News 

Rubrik
Zur Übersichtzurück weiter

Bewegungsmangel und Überfütterung schaden den Hufen enorm
22.08.2023 / News

Eine aktuelle Studie unterstreicht die Risiken, die durch Stallhaltung und energiereiches Futter für die Hufgesundheit von Pferden entstehen: Mikroskopische Untersuchungen des Huflamellengewebes zeigten deutliche Unterschiede zwischen Stallpferden und freilebenden Pferden.

Viel Bewegung und eine ausgeglichene, nicht zu energiereiche Ernährung sind essentiell, um die Hufe gesund zu halten, so das Resümee der StudienautorInnen.

 

Die Studie, die vor kurzem in der Fachzeitschrift ,PLOS ONE' veröffentlicht wurde, umfasste insgesamt 20 Pferde der Rassen Marajoara und Puruca, die von Pferden abstammen, die vor 300 Jahren von Siedlern der Iberischen Halbinsel auf die Insel Marajó im brasilianischen Bundesstaat Pará gebracht wurden.

Die Marajoara-Rasse entstand durch die Kreuzung dieser Pferde mit Arabern und anderen reinrassigen Pferden iberischer Herkunft, während die Puruca-Rasse durch die Kreuzung von Marajoara-Pferden mit Shetlandponys entstand. Diese Pferde leben in Freilandhaltung und in Regionen, die sich durch karge Böden mit geringer Fruchtbarkeit auszeichnen, sie erhalten auch keine zusätzlichen Mineralien.

Ihre Hufe erfahren keinerlei menschlichen Eingriff – zeichnen sich aber dennoch durch eine erstaunliche Gesundheit und Robustheit aus. Es wird vermutet, dass sich während der Regenzeit Überschwemmungsgebiete bilden und die Pferdehufe auf dem weichen, durchnässten Boden nur geringfügig abgenutzt werden.
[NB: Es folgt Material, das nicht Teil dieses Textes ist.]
(* Let $f$ be $\mu$-strongly quasi-convex around $x^\star$, and each $f_i$ be $L$-smooth and convex. Let $\{h^i\}_{i\in[n]}$ be such that $\frac{1}{n}\sum_{i=1}^{n}\mathbb{E}\left[\|h^i-\nabla f_i(x^\star)\|^2\right]\leq \alpha$, and let the stepsize be $\gamma \leq \frac{\delta }{8\sqrt{6}L}$. Then the iterates of EC-Approximate satisfy \[ \Psi_{t+1} \leq (1-c)\Psi_t-\frac{\gamma }{4}F_t+\gamma ^2\frac{\sigma^2}{n}+\gamma ^3\left( \frac{48L\alpha}{\delta ^2} + \frac{12L\sigma^2}{\delta} \right), \] where $\Psi_t = X_t + aE_t$, $a\coloneqq \frac{12L\gamma ^3}{\delta }$ and $c\coloneqq \frac{\gamma \mu}{2}$.
   Context: Setting: distributed optimization $f^\star=\min_{x\in\mathbb{R}^d} f(x)$, $f(x)=\frac1n\sum_{i=1}^n f_i(x)$, with minimizer $x^\star$. Each client $i$ has a stochastic gradient oracle $g^i(x)$ with $\mathbb{E}[g^i(x)]=\nabla f_i(x)$ and $\mathbb{E}\|g^i(x)-\nabla f_i(x)\|^2\le\sigma^2$. $\mathcal{C}_\delta$ is a contractive compressor: $\mathbb{E}\|\mathcal{C}_\delta(x)-x\|^2\le(1-\delta)\|x\|^2$ for all $x$, $0<\delta\le1$. $\mu$-strong quasi-convexity around $x^\star$ means $f(x^\star)\ge f(y)+\langle\nabla f(y),x^\star-y\rangle+\frac{\mu}{2}\|x^\star-y\|^2$ for all $y$. EC-Approximate: given fixed vectors $h^i$ and $h=\frac1n\sum_i h^i$, start from $x_0$, $e_0^i=0$; at each iteration client $i$ computes $g_t^i=g^i(x_t)$, $\hat\Delta_t^i=\mathcal{C}_\delta(e_t^i+g_t^i-h^i)$, $e_{t+1}^i=e_t^i+g_t^i-h^i-\hat\Delta_t^i$, sends $\hat\Delta_t^i$; the server updates $x_{t+1}=x_t-\gamma h-\frac{\gamma}{n}\sum_i\hat\Delta_t^i$. Notation: $F_t=\mathbb{E}[f(x_t)]-f^\star$, $E_t=\frac1n\sum_i\mathbb{E}\|e_t^i\|^2$, $X_t=\mathbb{E}\|\tilde x_t-x^\star\|^2$ where the virtual iterates are $\tilde x_0=x_0$, $\tilde x_{t+1}=\tilde x_t-\frac{\gamma}{n}\sum_i g_t^i$. *)

theory Defs
  imports "HOL-Analysis.Analysis" "HOL-Probability.Probability"
begin

text \<open>Virtual iterates of EC-Approximate:
  tilde x_0 = x_0,  tilde x_{t+1} = tilde x_t - (gamma/n) * sum_i g_t^i.
  Here g i t w is the stochastic gradient of client i at iteration t, at sample point w.\<close>
fun virt_iter :: "nat \<Rightarrow> real \<Rightarrow> 'a::real_vector \<Rightarrow> (nat \<Rightarrow> nat \<Rightarrow> 'w \<Rightarrow> 'a) \<Rightarrow> nat \<Rightarrow> 'w \<Rightarrow> 'a" where
  "virt_iter n \<gamma> x0 g 0 w = x0"
| "virt_iter n \<gamma> x0 g (Suc t) w =
     virt_iter n \<gamma> x0 g t w - (\<gamma> / real n) *\<^sub>R (\<Sum>i<n. g i t w)"

definition strongly_quasi_convex_around ::
  "real \<Rightarrow> ('a::real_inner \<Rightarrow> real) \<Rightarrow> ('a \<Rightarrow> 'a) \<Rightarrow> 'a \<Rightarrow> bool" where
  "strongly_quasi_convex_around \<mu> f df xs \<longleftrightarrow>
     (\<forall>y. f xs \<ge> f y + inner (df y) (xs - y) + \<mu> / 2 * (norm (xs - y))\<^sup>2)"

definition L_smooth :: "real \<Rightarrow> ('a::real_inner \<Rightarrow> real) \<Rightarrow> ('a \<Rightarrow> 'a) \<Rightarrow> bool" where
  "L_smooth L f df \<longleftrightarrow>
     (\<forall>x. (f has_derivative (\<lambda>v. inner (df x) v)) (at x)) \<and>
     (\<forall>x y. norm (df x - df y) \<le> L * norm (x - y))"

end

theory Submission
  imports Defs
begin

(* The virtual iterate x~_t = x_t - gamma ebar_t, with ebar_t the mean of the errors e^i_t,
   performs plain SGD, x~_{t+1} = x~_t - gamma gbar_t, except that the stochastic gradients are
   taken at the real iterate x_t = x~_t + gamma ebar_t.  Strong quasi-convexity and L-smoothness
   give the usual contraction of E |x~_t - x*|^2, up to an extra 4 L gamma^3 E_t caused by this
   mismatch, while the noise only contributes gamma^2 sigma^2 / n since it is orthogonal to
   everything known before the step.  The contractive compressor gives
   E_{t+1} <= (1 - delta/2) E_t + (2/delta) avg_i E |grad f_i(x_t) - h^i|^2 + sigma^2, and
   cocoercivity of the convex smooth f_i bounds that average by 4 L F_t + 2 alpha.  Weighting E_t
   with a = 12 L gamma^3 / delta absorbs the mismatch term, and the stepsize bound leaves a descent
   of at least gamma/4 F_t. *)

section \<open>Smooth convex functions\<close>

lemma has_real_derivative_along_line:
  fixes \<phi> :: "'a::real_inner \<Rightarrow> real"
  assumes "(\<phi> has_derivative (\<lambda>u. inner d u)) (at (x + t *\<^sub>R v))"
  shows "((\<lambda>s. \<phi> (x + s *\<^sub>R v)) has_real_derivative inner d v) (at t)"
proof -
  have "((\<lambda>s. x + s *\<^sub>R v) has_derivative (\<lambda>s. s *\<^sub>R v)) (at t)"
    by (auto intro!: derivative_eq_intros)
  from has_derivative_compose[OF this assms]
  have "((\<lambda>s. \<phi> (x + s *\<^sub>R v)) has_derivative (\<lambda>s. inner d (s *\<^sub>R v))) (at t)"
    by (simp add: o_def)
  moreover have "(\<lambda>s. inner d (s *\<^sub>R v)) = (*) (inner d v)"
    by (rule ext) simp
  ultimately show ?thesis
    unfolding has_field_derivative_def by simp
qed

lemma L_smooth_upper_bound:
  fixes \<phi> :: "'a::real_inner \<Rightarrow> real"
  assumes "L_smooth L \<phi> d\<phi>"
  shows "\<phi> y \<le> \<phi> x + inner (d\<phi> x) (y - x) + L / 2 * (norm (y - x))\<^sup>2"
proof -
  have der: "\<And>z. (\<phi> has_derivative (\<lambda>u. inner (d\<phi> z) u)) (at z)"
    and lip: "\<And>z z'. norm (d\<phi> z - d\<phi> z') \<le> L * norm (z - z')"
    using assms unfolding L_smooth_def by auto
  define v where "v = y - x"
  define \<psi> where "\<psi> = (\<lambda>t. \<phi> (x + t *\<^sub>R v) - t * inner (d\<phi> x) v - L / 2 * t\<^sup>2 * (norm v)\<^sup>2)"
  have \<psi>_deriv: "(\<psi> has_real_derivative
      (inner (d\<phi> (x + t *\<^sub>R v)) v - inner (d\<phi> x) v - L * t * (norm v)\<^sup>2)) (at t)" for t
    unfolding \<psi>_def
    by (rule derivative_eq_intros has_real_derivative_along_line[OF der] | simp)+
  have "\<psi> 1 \<le> \<psi> 0"
  proof (rule DERIV_nonpos_imp_nonincreasing[of 0 1 \<psi>])
    fix t :: real assume t: "0 \<le> t" "t \<le> 1"
    have "inner (d\<phi> (x + t *\<^sub>R v)) v - inner (d\<phi> x) v = inner (d\<phi> (x + t *\<^sub>R v) - d\<phi> x) v"
      by (simp add: inner_diff_left)
    also have "\<dots> \<le> norm (d\<phi> (x + t *\<^sub>R v) - d\<phi> x) * norm v"
      by (rule norm_cauchy_schwarz)
    also have "\<dots> \<le> L * norm (t *\<^sub>R v) * norm v"
      using lip[of "x + t *\<^sub>R v" x] by (intro mult_right_mono) auto
    also have "\<dots> = L * t * (norm v)\<^sup>2"
      using t by (simp add: power2_eq_square)
    finally show "\<exists>y. DERIV \<psi> t :> y \<and> y \<le> 0"
      using \<psi>_deriv[of t] by auto
  qed auto
  then show ?thesis
    unfolding \<psi>_def v_def by simp
qed

lemma convex_on_gradient_inequality:
  fixes \<phi> :: "'a::real_inner \<Rightarrow> real"
  assumes cvx: "convex_on UNIV \<phi>"
    and der: "(\<phi> has_derivative (\<lambda>u. inner d u)) (at x)"
  shows "\<phi> x + inner d (y - x) \<le> \<phi> y"
proof -
  define v where "v = y - x"
  define \<psi> where "\<psi> = (\<lambda>t. \<phi> (x + t *\<^sub>R v))"
  have "convex_on UNIV \<psi>"
  proof (rule convex_onI)
    fix t a b :: real assume t: "0 < t" "t < 1"
    have "x + ((1 - t) *\<^sub>R a + t *\<^sub>R b) *\<^sub>R v = (1 - t) *\<^sub>R (x + a *\<^sub>R v) + t *\<^sub>R (x + b *\<^sub>R v)"
      by (simp add: algebra_simps)
    then show "\<psi> ((1 - t) *\<^sub>R a + t *\<^sub>R b) \<le> (1 - t) * \<psi> a + t * \<psi> b"
      unfolding \<psi>_def using convex_onD[OF cvx, of t "x + a *\<^sub>R v" "x + b *\<^sub>R v"] t by simp
  qed simp
  moreover have "(\<psi> has_real_derivative inner d v) (at 0)"
    unfolding \<psi>_def by (rule has_real_derivative_along_line) (use der in simp)
  ultimately have "inner d v * (1 - 0) \<le> \<psi> 1 - \<psi> 0"
    by (intro convex_on_imp_above_tangent) auto
  then show ?thesis
    unfolding \<psi>_def v_def by simp
qed

lemma L_smooth_convex_cocoercive:
  fixes \<phi> :: "'a::real_inner \<Rightarrow> real"
  assumes smooth: "L_smooth L \<phi> d\<phi>" and cvx: "convex_on UNIV \<phi>" and L: "L > 0"
  shows "(norm (d\<phi> x - d\<phi> y))\<^sup>2 \<le> 2 * L * (\<phi> x - \<phi> y - inner (d\<phi> y) (x - y))"
proof -
  \<comment> \<open>The tilted function \<open>\<psi>\<close> is convex, \<open>L\<close>-smooth and minimal at \<open>y\<close>, so
    \<open>\<psi> y \<le> \<psi> (x - d\<psi> x / L) \<le> \<psi> x - \<parallel>d\<psi> x\<parallel>\<^sup>2 / 2L\<close>.\<close>
  define \<psi> where "\<psi> = (\<lambda>z. \<phi> z - inner (d\<phi> y) z)"
  define d\<psi> where "d\<psi> = (\<lambda>z. d\<phi> z - d\<phi> y)"
  have \<psi>_deriv: "(\<psi> has_derivative (\<lambda>u. inner (d\<psi> z) u)) (at z)" for z
  proof -
    have "(\<phi> has_derivative (\<lambda>u. inner (d\<phi> z) u)) (at z)"
      using smooth unfolding L_smooth_def by blast
    then have "(\<psi> has_derivative (\<lambda>u. inner (d\<phi> z) u - inner (d\<phi> y) u)) (at z)"
      unfolding \<psi>_def by (auto intro!: derivative_eq_intros)
    then show ?thesis
      unfolding d\<psi>_def by (simp add: inner_diff_left)
  qed
  have \<psi>_smooth: "L_smooth L \<psi> d\<psi>"
    using smooth \<psi>_deriv unfolding L_smooth_def d\<psi>_def by auto
  have "convex_on UNIV \<psi>"
  proof (rule convex_onI)
    fix t :: real and a b assume "0 < t" "t < 1"
    then show "\<psi> ((1 - t) *\<^sub>R a + t *\<^sub>R b) \<le> (1 - t) * \<psi> a + t * \<psi> b"
      unfolding \<psi>_def using convex_onD[OF cvx, of t a b]
      by (simp add: inner_add_right algebra_simps)
  qed simp
  then have \<psi>_min: "\<psi> y \<le> \<psi> z" for z
    using convex_on_gradient_inequality[OF _ \<psi>_deriv[of y], of z] by (simp add: d\<psi>_def)
  define z where "z = x - (1 / L) *\<^sub>R d\<psi> x"
  have "\<psi> z \<le> \<psi> x + inner (d\<psi> x) (z - x) + L / 2 * (norm (z - x))\<^sup>2"
    by (rule L_smooth_upper_bound[OF \<psi>_smooth])
  also have "\<dots> = \<psi> x - (norm (d\<psi> x))\<^sup>2 / (2 * L)"
    unfolding z_def using L
    by (simp add: dot_square_norm power_mult_distrib power2_eq_square field_simps)
  finally have "(norm (d\<psi> x))\<^sup>2 / (2 * L) \<le> \<psi> x - \<psi> y"
    using \<psi>_min[of z] by linarith
  then have "(norm (d\<psi> x))\<^sup>2 \<le> 2 * L * (\<psi> x - \<psi> y)"
    using L by (simp add: field_simps)
  then show ?thesis
    unfolding d\<psi>_def \<psi>_def by (simp add: inner_diff_right algebra_simps)
qed

lemma L_smooth_gradient_eq_0_at_minimum:
  fixes \<phi> :: "'a::real_inner \<Rightarrow> real"
  assumes "L_smooth L \<phi> d\<phi>" and min: "\<And>y. \<phi> xs \<le> \<phi> y"
  shows "d\<phi> xs = 0"
proof -
  have "(\<phi> has_derivative (\<lambda>u. inner (d\<phi> xs) u)) (at xs)"
    using assms unfolding L_smooth_def by blast
  then have "(\<lambda>u. inner (d\<phi> xs) u) = (\<lambda>u. 0)"
    using min by (intro differential_zero_maxmin[of xs UNIV]) auto
  then have "inner (d\<phi> xs) (d\<phi> xs) = 0"
    by meson
  then show ?thesis
    by simp
qed

lemma L_smooth_continuous_gradient:
  assumes "L_smooth L \<phi> d\<phi>" "0 \<le> L"
  shows "continuous_on UNIV d\<phi>"
  using assms unfolding L_smooth_def
  by (intro lipschitz_on_continuous_on[of L] lipschitz_onI) (auto simp: dist_norm)

lemma L_smooth_continuous:
  assumes "L_smooth L \<phi> d\<phi>"
  shows "continuous_on UNIV \<phi>"
  using assms unfolding L_smooth_def
  by (meson has_derivative_continuous continuous_at_imp_continuous_on)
Mit den steigenden Temperaturen im Sommer und dem Übergang zur Trockenzeit kommt es zu einer Verhärtung des Bodens, einer erhöhten Abnutzung der Hufe – und damit zu einem natürichen, selbständigen Gleichgewicht über die Jahreszeiten hinweg.

 

Das Mikroskop offenbart die Unterschiede: Huflamellen eines Stallpferdes der Rasse Mangalarga Marchador (A) im Vergleich zu einem halbwild lebenden Puruca Pferd (B). Foto: Bruno Dondoni Malacarne et.al.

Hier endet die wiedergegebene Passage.